This appeared in my e-mail inbox last week and was verified by snopes.com. With all the talk about the importance of green living, I thought my three readers would find this interesting:

Recently a 98-year-old lady named Irena died. During World War II, Irena got permission to work in the Warsaw Ghetto, as a plumbing/sewer specialist.

She had an ulterior motive. Being German, she knew what the Nazis’ plans were for the Jews.

Irena smuggled infants out in the bottom of the toolbox she carried, and she carried in the back of her truck a burlap sack for larger kids.

She also had a dog in the back that she trained to bark when the Nazi soldiers let her in and out of the ghetto. The soldiers, of course, wanted nothing to do with the dog and the barking covered the kids’/infants’ noise. She managed to smuggle out and save 2,500 kids/infants.

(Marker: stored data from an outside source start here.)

definition weighted_partitions_bounded :: "nat \<Rightarrow> nat \<Rightarrow> (nat \<Rightarrow> nat) set" where
  "weighted_partitions_bounded K d =
     {j. (\<forall>i. i \<notin> {1..K} \<longrightarrow> j i = 0) \<and> (\<Sum>i=1..K. i * j i) = d}"

lemma weighted_partitions_eq_bounded:
  "weighted_partitions M = weighted_partitions_bounded M M"
  by (simp add: weighted_partitions_def weighted_partitions_bounded_def)

lemma finite_weighted_partitions_bounded: "finite (weighted_partitions_bounded K d)"
proof (rule finite_subset)
  show "weighted_partitions_bounded K d \<subseteq>
      {j. \<forall>x. (x \<in> {1..K} \<longrightarrow> j x \<in> {0..d}) \<and> (x \<notin> {1..K} \<longrightarrow> j x = 0)}"
  proof (clarsimp simp: weighted_partitions_bounded_def)
    fix j :: "nat \<Rightarrow> nat" and x assume "Suc 0 \<le> x" "x \<le> K"
    then have "j x \<le> x * j x" "x * j x \<le> (\<Sum>i=Suc 0..K. i * j i)"
      by (auto intro: member_le_sum)
    then show "j x \<le> (\<Sum>i=Suc 0..K. i * j i)" by linarith
  qed
qed (intro finite_set_of_finite_funs; auto)

lemma weighted_partitions_bounded_0:
  "weighted_partitions_bounded 0 d = (if d = 0 then {\<lambda>_. 0} else {})"
  by (auto simp: weighted_partitions_bounded_def)

lemma weighted_partitions_bounded_Suc_iff:
  "j \<in> weighted_partitions_bounded (Suc K) d \<longleftrightarrow>
     Suc K * j (Suc K) \<le> d \<and>
     j(Suc K := 0) \<in> weighted_partitions_bounded K (d - Suc K * j (Suc K))"
proof -
  have "(\<Sum>i=1..K. i * (j(Suc K := 0)) i) = (\<Sum>i=1..K. i * j i)"
    by (intro sum.cong) auto
  moreover have "(\<forall>i. i \<notin> {1..Suc K} \<longrightarrow> j i = 0) \<longleftrightarrow>
      (\<forall>i. i \<notin> {1..K} \<longrightarrow> (j(Suc K := 0)) i = 0)"
    by (auto simp: le_Suc_eq)
  ultimately show ?thesis
    by (auto simp: weighted_partitions_bounded_def)
qed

She was caught and the Nazis broke both her legs and arms and beat her severely. Irena kept a record of the names of all the kids she smuggled out and kept them in a glass jar, buried under a tree in her backyard.

After the war, she tried to locate any parents that may have survived it and reunited the family. Most, though, had been gassed. Those kids she helped got placed into foster family homes or adopted.

Last year Irena was up for the Nobel Peace Prize. She was not selected.

Al Gore won - for a slide show on global warming.